26:21 "Sizden korkunca aranızdan kaçtım. Daha sonra Rabbim bana hükmetme gücü bağışladı ve beni peygamberlerden biri yaptı."
26:22 "O başıma kaktığın nimet, İsrailoğullarını köle yapmana karşılıktı."
26:23 Firavun dedi: "Peki, âlemlerin Rabbi kim?"
26:24 Dedi: "Göklerin, yerin ve bunlar arasındakilerin Rabbi. Eğer iyice anlayıp inanıyorsanız."
26:25 Firavun, çevresindekilere dedi: "Duyuyor musunuz?"
26:26 Mûsa dedi: "O hem sizin Rabbinizdir hem de önceki atalarınızın Rabbidir."
26:27 Firavun dedi: "Şu size gönderilmiş bulunan resulünüz gerçekten tam bir deli."
26:28 Mûsa dedi: "Eğer aklınızı işletirseniz O, doğunun, batının ve bunlar arasındakilerin de Rabbidir."
26:29 Dedi: "Benden başka ilah edinirsen, yemin olsun seni zındanlıklar arasına atarım."
26:30 Mûsa dedi: "Ya sana gerçeği gösteren birşey getirmişsem!"
26:31 Dedi: "Hadi getir onu ortaya, eğer doğru sözlülerden isen!"
26:32 O da asasını attı. Bir de ne görsünler, asa korkunç bir ejderha oluvermiş.
26:33 Elini çıkardı, o da anında seyredenler önünde bembeyaz kesildi.
26:34 Firavun, çevresindeki kodamanlar konseyine şöyle dedi: "Bu adam gerçekten bilgin bir büyücü;
26:35 Büyüsüyle sizi toprağınızdan çıkarmak istiyor. Ne diyorsunuz?"

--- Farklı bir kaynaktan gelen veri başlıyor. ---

(* Assume Second-order Absolute Morley. Then for every lightface projective set $A\subseteq 2^\omega$, either $|A|\leq\aleph_1$ or $A$ contains a perfect set.
   Context: Second-order Absolute Morley is the statement: for every second-order theory $T$ in a countable signature, either $T$ has at most $\aleph_1$ isomorphism classes of countable models, or there is a perfect set of pairwise non-isomorphic countable models of $T$. Here countable models with universe $\omega$ are identified with points of a Cantor space via the values of their relations (product topology), so "perfect set of models" means a nonempty closed set without isolated points in this space of codes; equivalently a continuous injection of $2^\omega$ into the space of models of $T$ whose images are pairwise non-isomorphic. A set $A\subseteq 2^\omega$ is lightface projective if it is definable over second-order arithmetic by a projective formula without real parameters. A perfect set is a nonempty closed subset of $2^\omega$ without isolated points. *)

theory Defs
  imports "HOL-Analysis.Analysis"
begin

datatype sof =
    Eq nat nat
  | Rel nat "nat list"
  | RVar nat "nat list"
  | Neg sof
  | Conj sof sof
  | Ex nat sof
  | ExR nat nat sof
lemma refines_ex_par:
  assumes "refines \<X> \<Y>"
    and "\<exists>(\<Y>1, \<Y>2)\<in>par \<Y>. (\<Y>1 \<noteq> {} \<longrightarrow> S1 \<Y>1) \<and> (\<Y>2 \<noteq> {} \<longrightarrow> S2 \<Y>2)"
    and mono1: "\<And>\<X>' \<Y>'. \<X>' \<subseteq> \<X> \<Longrightarrow> \<X>' \<noteq> {} \<Longrightarrow> \<Y>' \<subseteq> \<Y> \<Longrightarrow> refines \<X>' \<Y>' \<Longrightarrow>
                 S1 \<Y>' \<Longrightarrow> S1 \<X>'"
    and mono2: "\<And>\<X>' \<Y>'. \<X>' \<subseteq> \<X> \<Longrightarrow> \<X>' \<noteq> {} \<Longrightarrow> \<Y>' \<subseteq> \<Y> \<Longrightarrow> refines \<X>' \<Y>' \<Longrightarrow>
                 S2 \<Y>' \<Longrightarrow> S2 \<X>'"
  shows "\<exists>(\<X>1, \<X>2)\<in>par \<X>. (\<X>1 \<noteq> {} \<longrightarrow> S1 \<X>1) \<and> (\<X>2 \<noteq> {} \<longrightarrow> S2 \<X>2)"
proof -
  obtain \<Y>1 \<Y>2 where \<Y>: "(\<Y>1, \<Y>2) \<in> par \<Y>"
    and S: "\<Y>1 \<noteq> {} \<longrightarrow> S1 \<Y>1" "\<Y>2 \<noteq> {} \<longrightarrow> S2 \<Y>2"
    using assms(2) by blast
  obtain \<X>1 \<X>2 where \<X>: "(\<X>1, \<X>2) \<in> par \<X>" "refines \<X>1 \<Y>1" "refines \<X>2 \<Y>2"
    using par_refines[OF assms(1) \<Y>] .
  have sub: "\<X>1 \<subseteq> \<X>" "\<X>2 \<subseteq> \<X>" "\<Y>1 \<subseteq> \<Y>" "\<Y>2 \<subseteq> \<Y>"
    using par_sub \<X>(1) \<Y> by blast+
  have "(\<X>1 \<noteq> {} \<longrightarrow> S1 \<X>1) \<and> (\<X>2 \<noteq> {} \<longrightarrow> S2 \<X>2)"
    using mono1[OF sub(1) _ sub(3) \<X>(2)] mono2[OF sub(2) _ sub(4) \<X>(3)] S
      refines_nonempty[OF \<X>(2)] refines_nonempty[OF \<X>(3)] by blast
  with \<X>(1) show ?thesis by blast
qed
lemma dev_dev_Ad_local:
  assumes i: "i < n" and X: "local_at i X" and a: "a < n" and b: "b < n" and ab: "a \<noteq> b"
  shows "dev a (dev b (Ad V X)) = 0"
proof -
  (* Both sides of this identity are invariant under Ad V, so infl_sum_lower_bound leaves
     no room for a mixed deviation of Ad V X. *)
  have "infl_sum (Ad V X) = hs_sq (X - avg_sites sites X)"
    by (simp only: infl_sum_Ad infl_sum_local[OF i X] diff_avg_sites_all_local[OF i X])
  also have "\<dots> = hs_sq (Ad V X - avg_sites sites (Ad V X))"
    by (simp only: Ad_avg_sites_all[OF unitary, symmetric] Ad_diff[symmetric] hs_sq_Ad[OF unitary])
  finally have "hs_sq (dev a (dev b (Ad V X))) \<le> 0"
    using infl_sum_lower_bound[OF a b ab supported_Ad, of V X] by simp
  then show ?thesis
    using hs_sq_nonneg hs_sq_eq_0_iff by (metis order_antisym supported_Ad supported_dev)
qed

lemma Ad_local_single_site:
  assumes i: "i < n" and X: "local_at i X" and j: "j < n" and l: "l < n" and jl: "j \<noteq> l"
  shows "dev j (Ad V X) = 0 \<or> dev l (Ad V X) = 0"
proof (rule dev_zero_if_dev_dev_vanish[OF j l jl supported_Ad])
  show "dev a (dev b (Ad V X)) = 0" if "a < n" "b < n" "a \<noteq> b" for a b
    using dev_dev_Ad_local[OF i X that] .
  show "dev j (dev l (Ad V X \<star> Ad V X)) = 0"
    using dev_dev_Ad_local[OF i local_at_opmul[OF i X X] j l jl] by (simp add: Ad_opmul[OF unitary])
qed

lemma exists_site_Ad_probe:
  assumes i: "i < n"
  shows "\<exists>j<n. dev j (Ad V (probe i)) \<noteq> 0"
proof (rule ccontr)
  assume "\<not> ?thesis"
  then have "\<forall>k<n. avg k (Ad V (probe i)) = Ad V (probe i)"
    using dev_eq_0_iff[of "Ad V (probe i)"] by simp
  then have "Ad V (probe i) = scale (trace (Ad V (probe i)) / of_nat d ^ n) Iop"
    by (rule scalar_if_avg_fixed[OF supported_Ad])
  then have "probe i = scale (trace (Ad V (probe i)) / of_nat d ^ n) Iop"
    using Ad_adj_Ad[OF unitary, of "probe i"] unitary_op_adj[OF unitary]
    by (metis Ad_Iop Ad_scale clip_supported supported_probe)
  then have "avg i (probe i) = probe i"
    using i by (metis avg_scale avg_Iop)
  then show False
    using i probe_nonzero by simp
qed

definition site_perm :: "nat \<Rightarrow> nat" where
  "site_perm i = (SOME j. j < n \<and> dev j (Ad V (probe i)) \<noteq> 0)"

lemma site_perm:
  assumes "i < n"
  shows "site_perm i < n" and "dev (site_perm i) (Ad V (probe i)) \<noteq> 0"
  using someI_ex[OF exists_site_Ad_probe[OF assms]] by (simp_all add: site_perm_def)

lemma local_at_Ad:
  assumes i: "i < n" and X: "local_at i X"
  shows "local_at (site_perm i) (Ad V X)"
  unfolding local_at_def
proof (intro conjI allI impI supported_Ad)
  fix k assume k: "k < n" "k \<noteq> site_perm i"
  (* Otherwise Ad V (X + probe i) would deviate both at k and at site_perm i. *)
  note single = Ad_local_single_site[OF i _ k(1) site_perm(1)[OF i] k(2)]
  have "dev k (Ad V X) = 0"
  proof (rule ccontr)
    assume nz: "dev k (Ad V X) \<noteq> 0"
    have "dev k (Ad V (X + probe i)) \<noteq> 0"
      using nz single[OF local_at_probe[OF i]] site_perm(2)[OF i] by (simp add: Ad_add dev_add)
    moreover have "dev (site_perm i) (Ad V (X + probe i)) \<noteq> 0"
      using nz single[OF X] site_perm(2)[OF i] by (simp add: Ad_add dev_add)
    ultimately show False
      using single[OF local_at_add[OF X local_at_probe[OF i]]] by simp
  qed
  then show "avg k (Ad V X) = Ad V X"
    using dev_eq_0_iff[of "Ad V X" k] by simp
qed

lemma inj_on_site_perm: "inj_on site_perm {..<n}"
proof (rule inj_onI, rule ccontr)
  fix i i' assume "i \<in> {..<n}" "i' \<in> {..<n}" and eq: "site_perm i = site_perm i'" and ii': "i \<noteq> i'"
  then have i: "i < n" and i': "i' < n"
    by auto
  let ?P = "probe i \<star> probe i'"
  have "local_at (site_perm i) (Ad V ?P)"
    using local_at_opmul[OF site_perm(1)[OF i] local_at_Ad[OF i local_at_probe[OF i]]
        local_at_Ad[OF i' local_at_probe[OF i'], folded eq]]
    by (simp add: Ad_opmul[OF unitary])
  then have "infl_sum (Ad V ?P) \<le> hs_sq (Ad V ?P)"
    by (rule infl_sum_le_local[OF site_perm(1)[OF i]])
  then have "infl_sum ?P \<le> hs_sq ?P"
    by (simp add: infl_sum_Ad hs_sq_Ad[OF unitary])
  then show False
    using probe_product[OF i i' ii'] by simp
qed

lemma bij_betw_site_perm: "bij_betw site_perm sites sites"
proof -
  have "site_perm ` {..<n} = {..<n}"
    using inj_on_site_perm site_perm(1) by (intro endo_inj_surj) auto
  then show ?thesis
    using inj_on_site_perm by (simp add: bij_betw_def qudits_def)
qed

lemma infl_preserving_adj: "infl_preserving d n (adj V)"
proof
  show "unitary_op (adj V)"
    by (rule unitary_op_adj[OF unitary])
  fix B
  have "infl_sum (Ad (adj V) B) = infl_sum (Ad V (Ad (adj V) B))"
    by (simp add: infl_sum_Ad)
  also have "\<dots> = infl_sum B"
    by (simp add: Ad_Ad_adj[OF unitary])
  finally show "infl_sum (Ad (adj V) B) = infl_sum B" .
qed

lemma site_perm_adj_site_perm:
  assumes i: "i < n"
  shows "infl_preserving.site_perm d n (adj V) (site_perm i) = i"
proof (rule ccontr)
  interpret W: infl_preserving d n "adj V"
    by (rule infl_preserving_adj)
  assume "W.site_perm (site_perm i) \<noteq> i"
  moreover have "local_at (W.site_perm (site_perm i)) (Ad (adj V) (Ad V (probe i)))"
    by (rule W.local_at_Ad[OF site_perm(1)[OF i] local_at_Ad[OF i local_at_probe[OF i]]])
  ultimately have "avg i (Ad (adj V) (Ad V (probe i))) = Ad (adj V) (Ad V (probe i))"
    using i by (simp add: local_at_def)
  then have "probe i = 0"
    using i by (simp add: Ad_adj_Ad[OF unitary] clip_supported)
  then show False
    using probe_nonzero by simp
qed
(* Let $\varphi$ be an Orlicz $N$-function with Young–Fenchel transform $\psi$ and let $q_\varphi$ be the generalized inverse of the density of $\varphi$. Let $\{X_{k,n},k,n\ge1\}$ be a double array of independent $\varphi$-subgaussian random variables with $\tau_\varphi(X_{k,n})=1$ for all $k,n$, and set $Y_{m,j}=\max_{1\le k\le m,1\le n\le j}X_{k,n}-\psi^{-1}(\ln(mj))$, $Y^+_{m,j}=\max(Y_{m,j},0)$. Assume: (i) there is a strictly increasing function $\kappa:\mathbb R^+\to\mathbb R^+$ and a constant $C>0$ such that $P(X_{k,n}>x)\ge C\exp(-\kappa(x))$ for all $k,n\ge1$ and $x>0$; (ii) there exist $x_0>0$ and $B,C_1>0$ such that $\exp(-\kappa(x))\ge C_1\exp(-B\psi(x))$ for all $x\ge x_0$; (iii) for some $\varepsilon>0$, $\sup_{x>x_0}\frac{q_\varphi(x+\varepsilon)}{\psi(x)}\le C_2<+\infty$. Then for every $\alpha<2-B(1+C_2\varepsilon)$, $$\sum_{m=1}^\infty\sum_{j=1}^\infty(mj)^{-\alpha}P(Y^+_{m,j}>\varepsilon)=+\infty.$$
   Context: An Orlicz $N$-function is a continuous even convex function $\varphi:\mathbb R\to\mathbb R$ with $\varphi(0)=0$, increasing on $(0,\infty)$, with $\varphi(x)/x\to0$ as $x\to0$ and $\varphi(x)/x\to+\infty$ as $x\to+\infty$. It can be written $\varphi(x)=\int_0^{|x|}p_\varphi(t)\,dt$ with non-decreasing density $p_\varphi$; its generalized inverse is $q_\varphi(t)=\sup\{u\ge0:p_\varphi(u)\le t\}$. The Young–Fenchel transform is $\psi(x)=\sup_{y\in\mathbb R}(xy-\varphi(y))$, with $\psi(x)=\int_0^{|x|}q_\varphi(t)dt$; $\psi^{-1}$ is the inverse of $\psi$ on $[0,\infty)$. A random variable $X$ is $\varphi$-subgaussian if $EX=0$ and there is a finite $a>0$ with $E\exp(tX)\le\exp(\varphi(at))$ for all $t$; $\tau_\varphi(X)=\inf\{a>0:E\exp(tX)\le\exp(\varphi(at))\ \forall t\}$. *)

theory Defs
  imports "HOL-Probability.Probability"
begin

definition orlicz_N :: "(real \<Rightarrow> real) \<Rightarrow> bool" where
  "orlicz_N \<phi> \<longleftrightarrow>
     continuous_on UNIV \<phi> \<and> convex_on UNIV \<phi> \<and> (\<forall>x. \<phi> (-x) = \<phi> x) \<and> \<phi> 0 = 0 \<and>
     strict_mono_on {0<..} \<phi> \<and>
     ((\<lambda>x. \<phi> x / x) \<longlongrightarrow> 0) (at 0) \<and>
     filterlim (\<lambda>x. \<phi> x / x) at_top at_top"

definition is_orlicz_density :: "(real \<Rightarrow> real) \<Rightarrow> (real \<Rightarrow> real) \<Rightarrow> bool" where
  "is_orlicz_density \<phi> p \<longleftrightarrow>
     mono_on {0..} p \<and> (\<forall>x. p integrable_on {0..\<bar>x\<bar>} \<and> \<phi> x = integral {0..\<bar>x\<bar>} p)"

definition gen_inv :: "(real \<Rightarrow> real) \<Rightarrow> real \<Rightarrow> real" where
  "gen_inv p t = Sup {u. u \<ge> 0 \<and> p u \<le> t}"

definition young_fenchel :: "(real \<Rightarrow> real) \<Rightarrow> real \<Rightarrow> real" where
  "young_fenchel \<phi> x = (SUP y. x * y - \<phi> y)"

definition inv_pos :: "(real \<Rightarrow> real) \<Rightarrow> real \<Rightarrow> real" where
  "inv_pos \<psi> v = (THE u. u \<ge> 0 \<and> \<psi> u = v)"

definition subg_bound :: "'a measure \<Rightarrow> (real \<Rightarrow> real) \<Rightarrow> ('a \<Rightarrow> real) \<Rightarrow> real \<Rightarrow> bool" where
  "subg_bound M \<phi> X a \<longleftrightarrow>
     (\<forall>t. integrable M (\<lambda>\<omega>. exp (t * X \<omega>)) \<and>
          (\<integral>\<omega>. exp (t * X \<omega>) \<partial>M) \<le> exp (\<phi> (a * t)))"

definition phi_subgaussian :: "'a measure \<Rightarrow> (real \<Rightarrow> real) \<Rightarrow> ('a \<Rightarrow> real) \<Rightarrow> bool" where
  "phi_subgaussian M \<phi> X \<longleftrightarrow>
     integrable M X \<and> (\<integral>\<omega>. X \<omega> \<partial>M) = 0 \<and> (\<exists>a>0. subg_bound M \<phi> X a)"

definition tau_phi :: "'a measure \<Rightarrow> (real \<Rightarrow> real) \<Rightarrow> ('a \<Rightarrow> real) \<Rightarrow> real" where
  "tau_phi M \<phi> X = Inf {a. a > 0 \<and> subg_bound M \<phi> X a}"

end

theory Submission
  imports Defs
begin

(* A variable with tau_phi = 1 satisfies
   the Chernoff bound P(X > x) <= exp (- psi x); against the lower bound C C_1 exp (- B psi x)
   given by (i) and (ii) this forces B >= 1.  Since psi' = q_phi, condition (iii) gives
   psi (u + eps) <= (1 + C_2 eps) psi u, so for u = psi^-1 (ln N) every X_{k,1} exceeds u + eps
   with probability at least c N^-s, where c = C C_1 and s = B (1 + C_2 eps) >= 1.  By
   independence the maximum of X_{1,1}, ..., X_{N,1} exceeds u + eps with probability at least
   1 - (1 - c N^-s)^N >= c / (1 + c) N^(1-s).  Hence the N-th term of that column is at least a
   constant times N^(1-s-alpha), and 1 - s - alpha > -1. *)

lemma orlicz_N_nonneg:
  assumes "orlicz_N \<phi>" shows "\<phi> x \<ge> 0"
proof -
  have "convex_on UNIV \<phi>" "\<phi> (-x) = \<phi> x" "\<phi> 0 = 0"
    using assms unfolding orlicz_N_def by auto
  moreover from this(1)
  have "\<phi> ((1 - 1/2) *\<^sub>R x + (1/2) *\<^sub>R (-x)) \<le> (1 - 1/2) * \<phi> x + (1/2) * \<phi> (-x)"
    by (rule convex_onD) auto
  ultimately show ?thesis by simp
qed

lemma orlicz_N_abs_mono:
  assumes "orlicz_N \<phi>" "\<bar>x\<bar> \<le> \<bar>y\<bar>" shows "\<phi> x \<le> \<phi> y"
proof -
  have even: "\<phi> \<bar>z\<bar> = \<phi> z" for z
    using assms(1) unfolding orlicz_N_def by (cases "z \<ge> 0") auto
  have zero: "\<phi> 0 = 0" and mono: "strict_mono_on {0<..} \<phi>"
    using assms(1) unfolding orlicz_N_def by auto
  have "\<phi> \<bar>x\<bar> \<le> \<phi> \<bar>y\<bar>"
  proof (cases "x = 0 \<or> \<bar>x\<bar> = \<bar>y\<bar>")
    case True
    then show ?thesis using zero orlicz_N_nonneg[OF assms(1)] by auto
  next
    case False
    then show ?thesis using assms(2) by (intro less_imp_le strict_mono_onD[OF mono]) auto
  qed
  then show ?thesis by (simp add: even)
qed

lemma bdd_above_fenchel_young:
  assumes "orlicz_N \<phi>" shows "bdd_above (range (\<lambda>y. x * y - \<phi> y))"
proof -
  have lim: "filterlim (\<lambda>y. \<phi> y / y) at_top at_top" and even: "\<And>y. \<phi> (-y) = \<phi> y"
    using assms unfolding orlicz_N_def by auto
  obtain R where R: "\<And>y. y \<ge> R \<Longrightarrow> \<bar>x\<bar> \<le> \<phi> y / y"
    using lim[unfolded filterlim_at_top, rule_format, of "\<bar>x\<bar>"]
    by (auto simp: eventually_at_top_linorder)
  define R' where "R' = max R 1"
  have "x * y - \<phi> y \<le> \<bar>x\<bar> * R'" for y
  proof (cases "\<bar>y\<bar> \<ge> R'")
    case True
    then have "\<bar>x\<bar> * \<bar>y\<bar> \<le> \<phi> \<bar>y\<bar>"
      using R[of "\<bar>y\<bar>"] by (auto simp: R'_def field_simps)
    moreover have "\<phi> \<bar>y\<bar> = \<phi> y" using even by (cases "y \<ge> 0") auto
    moreover have "x * y \<le> \<bar>x\<bar> * \<bar>y\<bar>" "0 \<le> \<bar>x\<bar> * R'"
      by (auto simp: R'_def abs_mult[symmetric])
    ultimately show ?thesis by linarith
  next
    case False
    have "x * y \<le> \<bar>x\<bar> * \<bar>y\<bar>" by (metis abs_ge_self abs_mult)
    also have "\<dots> \<le> \<bar>x\<bar> * R'" using False by (intro mult_left_mono) auto
    finally show ?thesis using orlicz_N_nonneg[OF assms, of y] by linarith
  qed
  then show ?thesis by (intro bdd_aboveI2)
qed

26:36 Dediler: "Onu kardeşiyle birlikte alıkoy ve kentlere toplayıcılar gönder,
26:37 Ki, tüm bilgili büyücüleri huzuruna getirsinler."
26:38 Nihayet büyücüler belirlenen bir günün, belirlenen bir vaktinde bir araya getirildi.
26:39 Halka da: "Siz de toplanır mısınız?" denildi.
26:40 "Sanıyoruz ki, büyücülere uyacağız, eğer galip gelirlerse."
26:41 Büyücüler geldiklerinde, Firavun'a dediler ki: "Eğer biz galip gelirsek bize gerçekten ödül var, değil mi?"
26:42 "Evet, dedi, siz o zaman benim yakınlarımdan olacaksınız."
26:43 Mûsa onlara dedi ki: "Atacağınız şeyi atın!"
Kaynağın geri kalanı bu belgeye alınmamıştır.